Initially described by Hernández Altemir, submental intubation involves a midline incision and offers a less invasive alternative to tracheostomy for short-term airway management [
8]. After standard orotracheal intubation is performed, the patient’s head and neck are positioned to optimize access to the submental region. A small 1.5–2 cm transverse incision is made immediately posterior to the mandibular symphysis (or slightly paramedian when indicated). Care is taken to identify and protect the sublingual glands, Wharton’s duct, and lingual nerves. Dissection is then performed smoothly, closely following the lingual cortical plate using a Klemmer until the oral cavity is reached. Once the passage has been created, the pilot balloon is inserted first, followed by the armored endotracheal tube. Once the tube is externalized, it is reconnected to the breathing circuit. The final position is checked via auscultation and capnography to ensure adequate ventilation [
9,
10,
11,
12]. Throughout the procedure, sterile precautions are maintained, and the incision is irrigated with an antiseptic solution. After completion of the maxillofacial procedure and stabilization of fractures (including any required maxillomandibular fixation), the tube is removed first, followed by the pilot balloon, thus reversing the order of insertion. In our practice, only a cutaneous closure is performed, with no intraoral suturing required [
5]. The incision site is selected based on patient-specific anatomical factors, such as scar tissue, sublingual gland prominence, and mandibular morphology. The potential implications of these modifications include reduced risk of postoperative edema and better cosmetic outcomes, although with a potentially increased risk of hematoma formation. This approach allows intermaxillary fixation (IMF) and the treatment of NOE and midfacial fractures with the same advantages as naso- or orotracheal intubation.
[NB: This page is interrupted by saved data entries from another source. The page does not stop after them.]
lemma quadratic_and_cubic_form_scaled:
  fixes a t :: "'a::comm_ring_1"
  shows "a * a + a * (t * a) + (t * a) * (t * a) = a * a * (t * t + t + 1)"
    and "a * (t * a) * (a + t * a) = a * a * a * (t * t + t)"
  by (simp_all add: algebra_simps)

lemma ratio_mem_nonroots_CHAR_2:
  fixes a b :: "'a::field"
  assumes char2: "CHAR('a) = 2" and nondeg: "a * b * (a + b) \<noteq> 0"
    and "a * a + a * b + b * b \<noteq> 0"
  shows "a \<noteq> 0 \<and> b / a \<in> {t. t \<noteq> 0 \<and> t \<noteq> 1 \<and> t * t + t + 1 \<noteq> 0}"
proof -
  have "a \<noteq> 0" "b \<noteq> 0" "a \<noteq> b"
    using nondeg by (auto simp: add_self_CHAR_2[OF char2])
  moreover have "b = (b / a) * a"
    using \<open>a \<noteq> 0\<close> by simp
  then have "a * a * ((b / a) * (b / a) + b / a + 1) \<noteq> 0"
    using assms(3) quadratic_and_cubic_form_scaled(1)[of a "b / a"] by metis
  ultimately show ?thesis
    by simp
qed

lemma square_add_self_neq_0_CHAR_2:
  fixes t :: "'a::field"
  assumes char2: "CHAR('a) = 2" and "t \<noteq> 0" "t \<noteq> 1"
  shows "t * t + t \<noteq> 0"
proof -
  have "t + 1 \<noteq> 0"
    using assms eq_iff_add_eq_0_CHAR_2[OF char2, of t 1] by simp
  moreover have "t * t + t = t * (t + 1)"
    by (simp add: distrib_left)
  ultimately show ?thesis
    using \<open>t \<noteq> 0\<close> by simp
qed
lemma ex_lift_chain:
  "E \<in> level F K0 \<Longrightarrow> G \<in> level F K \<Longrightarrow> E \<subseteq> G \<Longrightarrow>
    \<exists>U. lift_chain K0 K U \<and> (\<forall>x\<in>E. pos G x = U (pos E x))"
proof (induction K arbitrary: G)
  case 0
  then have "K0 = 0"
    using level_le_of_subset by blast
  have "\<forall>x\<in>E. pos G x = id (pos E x)"
    using 0 \<open>K0 = 0\<close> pos_level_eq[of G 0 E] by auto
  then show ?case
    using lift_chain_id[of 0] unfolding \<open>K0 = 0\<close> by blast
next
  case (Suc K)
  show ?case
  proof (cases "K0 = Suc K")
    case True
    have "\<forall>x\<in>E. pos G x = id (pos E x)"
      using Suc.prems True pos_level_eq[of G K0 E] by auto
    then show ?thesis
      using lift_chain_id[of K0] unfolding True by blast
  next
    case False
    then have "K0 \<le> K"
      using level_le_of_subset[OF Suc.prems] by simp
    then obtain i where i: "i < 2" "E \<subseteq> blk K G i"
      using ex_blk_superset Suc.prems by blast
    then obtain U where U: "lift_chain K0 K U" "\<forall>x\<in>E. pos (blk K G i) x = U (pos E x)"
      using Suc.IH[OF Suc.prems(1) blk_level[OF Suc.prems(2) i(1)]] by blast
    have "lift_chain K0 (Suc K) (lift K i \<circ> U)"
      using U(1) i(1) by (rule lift_chain_step)
    moreover have "\<forall>x\<in>E. pos G x = (lift K i \<circ> U) (pos E x)"
      using U(2) pos_blk[OF Suc.prems(2) i(1)] i(2) by auto
    ultimately show ?thesis
      by blast
  qed
qed

lemma pos_near_subset:
  assumes "E \<in> level F K0" "G \<in> level F K" "E \<subseteq> G" "y \<in> E" "x \<in> E"
  shows "pos_near K k (pos G y) (pos G x) \<longleftrightarrow> pos_near K0 k (pos E y) (pos E x)"
proof -
  obtain U where "lift_chain K0 K U" "\<forall>x\<in>E. pos G x = U (pos E x)"
    using ex_lift_chain[OF assms(1-3)] by blast
  then show ?thesis
    using pos_near_lift_chain pos_less_m[OF assms(1)] assms(4,5) by simp
qed
lemma card_comps_Un_edge_less:
  assumes sym: "symp R" and "finite A" and "finite B"
    and "a \<in> A" and "b \<in> B" and "R a b"
  shows "card (comps R (A \<union> B)) < card (comps R A) + card (comps R B)"
proof -
  let ?U = "A \<union> B"
  let ?grow = "reach_closure R ?U"
  have grow_component: "?grow (component R X x) = component R ?U x" if "X \<subseteq> ?U" "x \<in> X" for X x
    using that by (rule reach_closure_component)
  have ab: "component R ?U a = component R ?U b"
    using assms(4-6) by (intro component_eq[OF sym] reach_edge) auto
  have "comps R ?U \<subseteq> ?grow ` ((comps R A - {component R A a}) \<union> comps R B)"
  proof
    fix K assume "K \<in> comps R ?U"
    then obtain x where x: "x \<in> ?U" "K = component R ?U x"
      unfolding comps_eq_image_component by blast
    consider "x \<in> A" "component R A x \<noteq> component R A a"
      | "x \<in> A" "component R A x = component R A a" | "x \<in> B"
      using x(1) by blast
    then show "K \<in> ?grow ` ((comps R A - {component R A a}) \<union> comps R B)"
    proof cases
      case 1
      then have "K = ?grow (component R A x)" using x(2) grow_component[of A x] by simp
      with 1 show ?thesis using component_in_comps[of x A R] by blast
    next
      case 2
      then have "K = component R ?U a"
        using x(2) grow_component[of A x] grow_component[of A a] assms(4) by simp
      then have "K = ?grow (component R B b)"
        using ab grow_component[of B b] assms(5) by simp
      then show ?thesis using component_in_comps[OF assms(5), of R] by blast
    next
      case 3
      then have "K = ?grow (component R B x)" using x(2) grow_component[of B x] by simp
      with 3 show ?thesis using component_in_comps[of x B R] by blast
    qed
  qed
  then have "card (comps R ?U) \<le> card (?grow ` ((comps R A - {component R A a}) \<union> comps R B))"
    using assms(2,3) by (intro card_mono) (auto intro: finite_comps)
  also have "\<dots> \<le> card ((comps R A - {component R A a}) \<union> comps R B)"
    by (rule card_image_le) (use assms(2,3) in \<open>auto intro: finite_comps\<close>)
  also have "\<dots> \<le> card (comps R A - {component R A a}) + card (comps R B)"
    by (rule card_Un_le)
  also have "card (comps R A - {component R A a}) = card (comps R A) - 1"
    using component_in_comps[OF assms(4)] by (rule card_Diff_singleton)
  moreover have "card (comps R A) > 0"
    using component_in_comps[OF assms(4)] finite_comps[OF assms(2)] card_gt_0_iff by blast
  ultimately show ?thesis by linarith
qed

section \<open>Forests\<close>

lemma symp_tedge: "symp (tedge T)"
  unfolding tedge_def by (auto intro: sympI simp: insert_commute)

lemma tedge_mono: "F \<subseteq> F' \<Longrightarrow> tedge F x y \<Longrightarrow> tedge F' x y"
  unfolding tedge_def by auto

lemma reach_tedge_mono: "reach (tedge F) S x y \<Longrightarrow> F \<subseteq> F' \<Longrightarrow> reach (tedge F') S x y"
  by (erule reach_mono) (auto intro: tedge_mono)
(* For every precubical set $X$, the stream realization $\vec{|X|}$ is path-ordered.
   Context: Streams: a circulation on a space $X$ assigns to each open $V\subset X$ a preorder $\leqslant_V$ such that for every collection $\mathcal{O}$ of open sets, $\leqslant_{\bigcup\mathcal{O}}$ is the preorder with smallest graph containing $\bigcup_{V\in\mathcal{O}}\mathrm{graph}(\leqslant_V)$; a stream is a space with a circulation; a stream map $f:X\to Y$ is continuous with $f(x)\leqslant_V f(y)$ whenever $x\leqslant_{f^{-1}V}y$. Streams form a cocomplete category, colimits being computed on underlying spaces with the final circulation. $\vec\square[1]$ is $[0,1]$ with circulation $x\leqslant_V y$ iff $x\le y$ and $[x,y]\subset V$; a dipath on $X$ is a stream map $\vec\square[1]\to X$. $X$ is path-ordered if whenever $V\subset X$ is open and $x\leqslant_V y$ there is a dipath from $x$ to $y$ with image in $V$. $\square$ is the smallest subcategory of posets and monotone maps closed under cartesian products (unit $\{0\}$) containing $\delta_\pm:\{0\}\to\{0<1\}$; a precubical set is a functor $X:\square^{op}\to\mathbf{Set}$, $X_n=X([1]^n)$. $\vec\square[n]$ is the $n$-fold product of $\vec\square[1]$ in streams, $\square$-morphisms extend linearly to stream maps, and the stream realization is the coend $\vec{|X|}=\int^{[1]^n}X_n\cdot\vec\square[n]$ in streams. *)

theory Defs
  imports "HOL-Analysis.Analysis"
begin

type_synonym 'a circ = "'a set \<Rightarrow> ('a \<times> 'a) set"
type_synonym 'a stream = "'a topology \<times> 'a circ"

text \<open>A circulation on the space T: to each open V a preorder on V (given by its graph),
  such that for every collection O of open sets the preorder on the union is the smallest
  preorder (on the union) whose graph contains the union of the graphs.\<close>
definition is_circulation :: "'a topology \<Rightarrow> 'a circ \<Rightarrow> bool" where
  "is_circulation T C \<longleftrightarrow>
     (\<forall>V. openin T V \<longrightarrow> C V \<subseteq> V \<times> V \<and> (\<forall>x\<in>V. (x, x) \<in> C V) \<and> trans (C V)) \<and>
     (\<forall>Os. (\<forall>V\<in>Os. openin T V) \<longrightarrow>
          C (\<Union>Os) = Id_on (\<Union>Os) \<union> (\<Union>V\<in>Os. C V)\<^sup>+)"
lemma GK_edges_iff:
  "(x, y) \<in> GK_edges F \<longleftrightarrow> x \<in> GK_vertices F \<and> y \<in> GK_vertices F \<and>
     2 * mx F x < F \<and> y = vmove x (mx F x) (F - mx F x)"
proof (cases "\<exists>j\<in>{1..F}. x j = 0")
  case True
  moreover have "real m < real F / 2 \<longleftrightarrow> 2 * m < F" for m by linarith
  ultimately show ?thesis by (simp add: GK_edges_def mx_def Let_def)
qed (simp add: GK_edges_def mx_def)

lemma edge_iff:
  assumes F: "0 < F" and irr_S: "irr_semigroup F S" and irr_T: "irr_semigroup F T"
  shows "(gap_vector F S, gap_vector F T) \<in> GK_edges F \<longleftrightarrow>
    2 * multiplicity S < F \<and> T = exchange S (multiplicity S) (F - multiplicity S)"
proof -
  define m where "m = multiplicity S"
  have above: "\<forall>i>F. i \<in> S" and zero: "0 \<in> S" using irr_S by (auto simp: irr_semigroup_def)
  have m: "0 < m" "m \<in> S" using multiplicity_pos[OF above] multiplicity_in[OF above] m_def by auto
  have "gap_vector F T = vmove (gap_vector F S) m (F - m) \<longleftrightarrow> T = exchange S m (F - m)"
    if small: "2 * m < F"
  proof -
    have "F - m \<notin> S" using partner_gap[OF irr_S m(2)] small by simp
    then have move: "vmove (gap_vector F S) m (F - m) = gap_vector F (exchange S m (F - m))"
      using vmove_gap_vector[OF m(2)] m small by simp
    have "0 \<in> exchange S m (F - m)" "\<forall>i>F. i \<in> exchange S m (F - m)"
      using zero above m small by (auto simp: exchange_def)
    then show ?thesis
      unfolding move using gap_vector_inj[of T _ F] irr_T by (auto simp: irr_semigroup_def)
  qed
  moreover have "gap_vector F S \<in> GK_vertices F" "gap_vector F T \<in> GK_vertices F"
    using GK_vertices_eq[OF F] irr_S irr_T by auto
  ultimately show ?thesis
    unfolding GK_edges_iff mx_gap_vector[OF above] m_def by blast
qed
(* Let $G$ be a finite graph that admits a Kasteleyn signing (for example, any planar graph). If $C_1,\dots,C_n$ are channels of $G$ that are linearly independent in the $\mathbf{Z}/2\mathbf{Z}$-vector space $\mathcal{C}(G)$, then $2^n$ divides $m_G^2$. In particular, $|\mathcal{C}(G)|$ divides $m_G^2$. If moreover $G$ is bipartite and admits a bipartite Kasteleyn signing (for example, $G$ is bipartite and planar), and $C_1,\dots,C_n\in\mathcal{C}_B(G)$ are linearly independent, then $2^n$ divides $m_G$.
   Context: All graphs are finite, undirected, without self-loops, with at most one edge between two vertices. $m_G$ denotes the number of perfect matchings of $G$. For a vertex $v$, $N(v)$ is its set of neighbours. A channel of $G=(V,E)$ is a set $C\subseteq V$ such that $|N(v)\cap C|$ is even for every $v\in V$ (the empty set is a channel). $\mathcal{C}(G)$ is the set of channels; it is a vector space over $\mathbf{Z}/2\mathbf{Z}$ with addition given by symmetric difference. If $G$ is bipartite with vertices colored black and white, $\mathcal{C}_B(G)$ (resp. $\mathcal{C}_W(G)$) denotes the subspace of channels consisting only of black (resp. white) vertices. A Kasteleyn signing of $G$ with adjacency matrix $A=(a_{ij})$ is a matrix $K=(\pm a_{ij})$ (obtained by changing signs of some entries) with $\det K=m_G^2$. For bipartite $G$, the bipartite adjacency matrix $B$ is the submatrix of $A$ with rows indexed by white and columns by black vertices; a bipartite Kasteleyn signing is a matrix $H=(\pm b_{ij})$ with $\det H=m_G$ (when $B$ is square; if $B$ is not square, $m_G=0$). *)

theory Defs
  imports "Jordan_Normal_Form.Determinant"
begin

definition simple_graph :: "nat \<Rightarrow> (nat \<Rightarrow> nat \<Rightarrow> bool) \<Rightarrow> bool" where
  "simple_graph N E \<longleftrightarrow> (\<forall>u v. E u v \<longrightarrow> u < N \<and> v < N \<and> E v u \<and> u \<noteq> v)"

definition edges :: "(nat \<Rightarrow> nat \<Rightarrow> bool) \<Rightarrow> nat set set" where
  "edges E = {{u, v} | u v. E u v}"

definition perfect_matching :: "nat \<Rightarrow> (nat \<Rightarrow> nat \<Rightarrow> bool) \<Rightarrow> nat set set \<Rightarrow> bool" where
  "perfect_matching N E M \<longleftrightarrow> M \<subseteq> edges E \<and> (\<forall>v<N. \<exists>!e. e \<in> M \<and> v \<in> e)"

definition num_pm :: "nat \<Rightarrow> (nat \<Rightarrow> nat \<Rightarrow> bool) \<Rightarrow> nat" where
  "num_pm N E = card {M. perfect_matching N E M}"

definition channel :: "nat \<Rightarrow> (nat \<Rightarrow> nat \<Rightarrow> bool) \<Rightarrow> nat set \<Rightarrow> bool" where
  "channel N E C \<longleftrightarrow> C \<subseteq> {0..<N} \<and> (\<forall>v<N. even (card {u \<in> C. E v u}))"

text \<open>Sum over Z/2Z (symmetric difference) of the sets C i, i \<in> S.\<close>
definition symdiff_sum :: "nat set \<Rightarrow> (nat \<Rightarrow> 'a set) \<Rightarrow> 'a set" where
  "symdiff_sum S C = {v. odd (card {i \<in> S. v \<in> C i})}"

text \<open>C 0, ..., C (n-1) linearly independent over Z/2Z: no nontrivial combination
  (given by its support S) is the zero vector (empty set).\<close>
definition lin_indep_Z2 :: "nat \<Rightarrow> (nat \<Rightarrow> 'a set) \<Rightarrow> bool" where
  "lin_indep_Z2 n C \<longleftrightarrow> (\<forall>S \<subseteq> {0..<n}. S \<noteq> {} \<longrightarrow> symdiff_sum S C \<noteq> {})"

definition adj_mat :: "nat \<Rightarrow> (nat \<Rightarrow> nat \<Rightarrow> bool) \<Rightarrow> int mat" where
  "adj_mat N E = mat N N (\<lambda>(i, j). if E i j then 1 else 0)"

definition sign_change_of :: "int mat \<Rightarrow> int mat \<Rightarrow> bool" where
  "sign_change_of K A \<longleftrightarrow> dim_row K = dim_row A \<and> dim_col K = dim_col A \<and>
     (\<forall>i < dim_row A. \<forall>j < dim_col A. K $$ (i, j) = A $$ (i, j) \<or> K $$ (i, j) = - A $$ (i, j))"

definition kasteleyn_signing :: "nat \<Rightarrow> (nat \<Rightarrow> nat \<Rightarrow> bool) \<Rightarrow> int mat \<Rightarrow> bool" where
  "kasteleyn_signing N E K \<longleftrightarrow> sign_change_of K (adj_mat N E) \<and> det K = int (num_pm N E) ^ 2"

definition bipartite_col :: "nat \<Rightarrow> (nat \<Rightarrow> nat \<Rightarrow> bool) \<Rightarrow> (nat \<Rightarrow> bool) \<Rightarrow> bool" where
  "bipartite_col N E black \<longleftrightarrow> (\<forall>u v. E u v \<longrightarrow> black u \<noteq> black v)"

definition bip_adj_mat :: "(nat \<Rightarrow> nat \<Rightarrow> bool) \<Rightarrow> nat list \<Rightarrow> nat list \<Rightarrow> int mat" where
  "bip_adj_mat E ws bs = mat (length ws) (length bs) (\<lambda>(i, j). if E (ws ! i) (bs ! j) then 1 else 0)"

definition admits_bip_kasteleyn :: "nat \<Rightarrow> (nat \<Rightarrow> nat \<Rightarrow> bool) \<Rightarrow> (nat \<Rightarrow> bool) \<Rightarrow> bool" where
  "admits_bip_kasteleyn N E black \<longleftrightarrow>
     (\<exists>ws bs. distinct ws \<and> distinct bs \<and>
        set ws = {v. v < N \<and> \<not> black v} \<and> set bs = {v. v < N \<and> black v} \<and>
        (length ws = length bs \<longrightarrow>
           (\<exists>H. sign_change_of H (bip_adj_mat E ws bs) \<and> det H = int (num_pm N E))))"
Submental intubation has become increasingly recognized for its lower complication rates, shorter operative times, and improved patient satisfaction compared to tracheostomy [
13,
14]. However, the technique has limitations, such as the risk of scarring at the incision site and the need for operator expertise to prevent complications like tube damage, sublingual/submandibular gland injury, and lingual nerve injury [
4,
15,
16].
Despite its advantages, submental intubation remains underutilized as many clinicians prefer tracheostomy due to its established protocols and suitability for prolonged ventilation [
14]. This dichotomy highlights the need for a comprehensive evaluation of these techniques to guide clinical decision-making, particularly in complex maxillofacial trauma cases where airway management is critical. This study compares the safety, efficacy, and clinical outcomes of submental intubation versus tracheostomy in maxillofacial trauma, providing evidence-based recommendations that highlight the strengths and limitations of each technique.
Although previous studies have assessed submental intubation and tracheostomy [
1,
15,
17,
18,
19,
20], few have focused on hospital length of stay and infection rates as primary outcomes [
5]. Our analysis highlights the importance of tailoring airway management strategies to patient-specific factors to refine decision-making in complex maxillofacial trauma. This approach enables a more nuanced comparison between submental intubation and tracheostomy in complex maxillofacial trauma. Our retrospective analysis adds to the literature by emphasizing these parameters and by examining how patient-level factors (such as injury severity and comorbidities) may modify the relative benefits of each technique. Moreover, based on both the findings of the present study and our institutional experience, we aim to propose practical guidelines for airway management in maxillofacial trauma to be validated in the future.
2. Materials and Methods
2.1. Study Design
This retrospective study included a cohort of patients who underwent surgical treatment for maxillofacial fractures at the Maxillofacial Surgery Unit of Azienda Ospedaliera Ospedali Riuniti in Ancona (Marche, Italy) between January 2015 and December 2023. Patients were selected from the hospital’s database, allowing for a comprehensive analysis of clinical outcomes in this population.
The study population dataset was divided into two groups based on the surgical approach for maxillofacial trauma management: the SMI technique group and the tracheostomy group.
Patient data, including age, gender, fracture type, and reduction method, were collected from the hospital’s medical records and operating room activity recording software (Ormaweb
®, Version 6.2.1 Dedalus Italia Spa, Firenze, Italy). All data were recorded and tabulated using Microsoft Excel (Version 16.63.1; Microsoft Corporation, Redmond, WA, USA). No personal identifiers, such as names or surnames, were collected at any stage of this study. All surgical procedures were performed exclusively by experienced maxillofacial surgeons, ensuring consistency in the treatment approach and minimizing variability in outcomes associated with trainees or less experienced operators [
21].
Inclusion criteria covered patients with radiologically confirmed fractures involving the mandible, maxilla, NOE complex, or anterior skull base who required surgical airway management. All included patients underwent either tracheostomy or submental intubation and required occlusal control during surgical procedures. The exclusion criteria included the following: patients with incomplete data records; patients with anamnesis of previous facial fractures surgically treated; patients urgently tracheostomized for reasons other than treating fracture (e.g., respiratory distress); patients who did not provide consent to inclusion in the study; patients with incomplete data charts.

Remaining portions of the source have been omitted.